### RAW DATA
####
(* Let $n\ge 2$ be even. In the cover $C_n\to F_n$, the only points of $F_n$ that can be branched are the points $(X:Y:Z)$ of $F_n$ with $Z=0$ (the $n$ cusps lying above $\infty$), and their ramification indices are at most $2$.
   Context: Let $a=\begin{pmatrix}1&2\\0&1\end{pmatrix}$, $b=\begin{pmatrix}1&0\\2&1\end{pmatrix}$, $\Delta=\langle a,b\rangle\subset\mathrm{SL}(2,\mathbb{Z})$, free of rank 2, with $\Delta\backslash\mathbb{H}\cong\mathbb{P}^1-\{0,1,\infty\}$. $H_n$ is the Heisenberg group of upper unitriangular $3\times3$ matrices over $\mathbb{Z}/n\mathbb{Z}$, generated by $a_H=I+E_{12}$, $b_H=I+E_{23}$, with center $Z_n\cong\mathbb{Z}/n\mathbb{Z}$. $\phi:\Delta\to H_n$ is $a\mapsto a_H,b\mapsto b_H$ and $\psi:\Delta\to(\mathbb{Z}/n\mathbb{Z})^2$ is $a\mapsto(1,0),b\mapsto(0,1)$. $C_n$ (Heisenberg curve) and $F_n$ (Fermat curve) are the compactifications by cusps of $\ker\phi\backslash\mathbb{H}$ and $\ker\psi\backslash\mathbb{H}$; $C_n\to F_n$ is Galois with group $Z_n$. $F_n$ is identified with the projective curve $X^n+Y^n=Z^n$, on which the deck group $(\mathbb{Z}/n\mathbb{Z})^2$ of $F_n\to\mathbb{P}^1$ acts by $\sigma_{i,j}:(X:Y:Z)\mapsto(\zeta^iX:\zeta^jY:Z)$, $\zeta=e^{2\pi i/n}$, the quotient map being $(X:Y:Z)\mapsto (X/Z)^n$; the cusps of $F_n$ are the $3n$ points with $XYZ=0$, lying above $0$ ($X=0$), $1$ ($Y=0$) and $\infty$ ($Z=0$). *)

theory Defs
  imports Complex_Main
begin

datatype m2 = M int int int int

fun mmult :: "m2 \<Rightarrow> m2 \<Rightarrow> m2" where
  "mmult (M a b c d) (M a' b' c' d') =
     M (a*a' + b*c') (a*b' + b*d') (c*a' + d*c') (c*b' + d*d')"

definition mI :: m2 where "mI = M 1 0 0 1"

text \<open>Points of H* = H \<union> P^1(Q): interior points, rational cusps, and the cusp at infinity.\<close>
datatype hpt = Pt complex | Cusp rat | InfC

definition Hstar :: "hpt set" where
  "Hstar = {Pt z | z. Im z > 0} \<union> range Cusp \<union> {InfC}"

fun act :: "m2 \<Rightarrow> hpt \<Rightarrow> hpt" where
  "act (M a b c d) (Pt z) =
     Pt ((of_int a * z + of_int b) / (of_int c * z + of_int d))"
| "act (M a b c d) (Cusp q) =
     (if of_int c * q + of_int d = 0 then InfC
      else Cusp ((of_int a * q + of_int b) / (of_int c * q + of_int d)))"
| "act (M a b c d) InfC = (if c = 0 then InfC else Cusp (of_int a / of_int c))"

text \<open>A letter is (is the generator a?, positive exponent?).\<close>
type_synonym letter = "bool \<times> bool"

fun gen :: "letter \<Rightarrow> m2" where
  "gen (True, True) = M 1 2 0 1"
| "gen (True, False) = M 1 (-2) 0 1"
| "gen (False, True) = M 1 0 2 1"
| "gen (False, False) = M 1 0 (-2) 1"

fun eval_mat :: "letter list \<Rightarrow> m2" where
  "eval_mat [] = mI"
| "eval_mat (l # w) = mmult (gen l) (eval_mat w)"

text \<open>Integer Heisenberg group: (x,y,z) stands for I + x E12 + y E23 + z E13.
  Reduction mod n gives H_n.\<close>
fun hmult :: "int \<times> int \<times> int \<Rightarrow> int \<times> int \<times> int \<Rightarrow> int \<times> int \<times> int" where
  "hmult (x, y, z) (x', y', z') = (x + x', y + y', z + z' + x * y')"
####
### WHAT IS BEING ASKED
Write out all the entries exactly.

### REPLY TO THE EXERCISE
(* Let $n\ge 2$ be even. In the cover $C_n\to F_n$, the only points of $F_n$ that can be branched are the points $(X:Y:Z)$ of $F_n$ with $Z=0$ (the $n$ cusps lying above $\infty$), and their ramification indices are at most $2$.
   Context: Let $a=\begin{pmatrix}1&2\\0&1\end{pmatrix}$, $b=\begin{pmatrix}1&0\\2&1\end{pmatrix}$, $\Delta=\langle a,b\rangle\subset\mathrm{SL}(2,\mathbb{Z})$, free of rank 2, with $\Delta\backslash\mathbb{H}\cong\mathbb{P}^1-\{0,1,\infty\}$. $H_n$ is the Heisenberg group of upper unitriangular $3\times3$ matrices over $\mathbb{Z}/n\mathbb{Z}$, generated by $a_H=I+E_{12}$, $b_H=I+E_{23}$, with center $Z_n\cong\mathbb{Z}/n\mathbb{Z}$. $\phi:\Delta\to H_n$ is $a\mapsto a_H,b\mapsto b_H$ and $\psi:\Delta\to(\mathbb{Z}/n\mathbb{Z})^2$ is $a\mapsto(1,0),b\mapsto(0,1)$. $C_n$ (Heisenberg curve) and $F_n$ (Fermat curve) are the compactifications by cusps of $\ker\phi\backslash\mathbb{H}$ and $\ker\psi\backslash\mathbb{H}$; $C_n\to F_n$ is Galois with group $Z_n$. $F_n$ is identified with the projective curve $X^n+Y^n=Z^n$, on which the deck group $(\mathbb{Z}/n\mathbb{Z})^2$ of $F_n\to\mathbb{P}^1$ acts by $\sigma_{i,j}:(X:Y:Z)\mapsto(\zeta^iX:\zeta^jY:Z)$, $\zeta=e^{2\pi i/n}$, the quotient map being $(X:Y:Z)\mapsto (X/Z)^n$; the cusps of $F_n$ are the $3n$ points with $XYZ=0$, lying above $0$ ($X=0$), $1$ ($Y=0$) and $\infty$ ($Z=0$). *)

theory Defs
  imports Complex_Main
begin

datatype m2 = M int int int int

fun mmult :: "m2 \<Rightarrow> m2 \<Rightarrow> m2" where
  "mmult (M a b c d) (M a' b' c' d') =
     M (a*a' + b*c') (a*b' + b*d') (c*a' + d*c') (c*b' + d*d')"

definition mI :: m2 where "mI = M 1 0 0 1"

text \<open>Points of H* = H \<union> P^1(Q): interior points, rational cusps, and the cusp at infinity.\<close>
datatype hpt = Pt complex | Cusp rat | InfC

definition Hstar :: "hpt set" where
  "Hstar = {Pt z | z. Im z > 0} \<union> range Cusp \<union> {InfC}"

fun act :: "m2 \<Rightarrow> hpt \<Rightarrow> hpt" where
  "act (M a b c d) (Pt z) =
     Pt ((of_int a * z + of_int b) / (of_int c * z + of_int d))"
| "act (M a b c d) (Cusp q) =
     (if of_int c * q + of_int d = 0 then InfC
      else Cusp ((of_int a * q + of_int b) / (of_int c * q + of_int d)))"
| "act (M a b c d) InfC = (if c = 0 then InfC else Cusp (of_int a / of_int c))"

text \<open>A letter is (is the generator a?, positive exponent?).\<close>
type_synonym letter = "bool \<times> bool"

fun gen :: "letter \<Rightarrow> m2" where
  "gen (True, True) = M 1 2 0 1"
| "gen (True, False) = M 1 (-2) 0 1"
| "gen (False, True) = M 1 0 2 1"
| "gen (False, False) = M 1 0 (-2) 1"

fun eval_mat :: "letter list \<Rightarrow> m2" where
  "eval_mat [] = mI"
| "eval_mat (l # w) = mmult (gen l) (eval_mat w)"

text \<open>Integer Heisenberg group: (x,y,z) stands for I + x E12 + y E23 + z E13.
  Reduction mod n gives H_n.\<close>
fun hmult :: "int \<times> int \<times> int \<Rightarrow> int \<times> int \<times> int \<Rightarrow> int \<times> int \<times> int" where
  "hmult (x, y, z) (x', y', z') = (x + x', y + y', z + z' + x * y')"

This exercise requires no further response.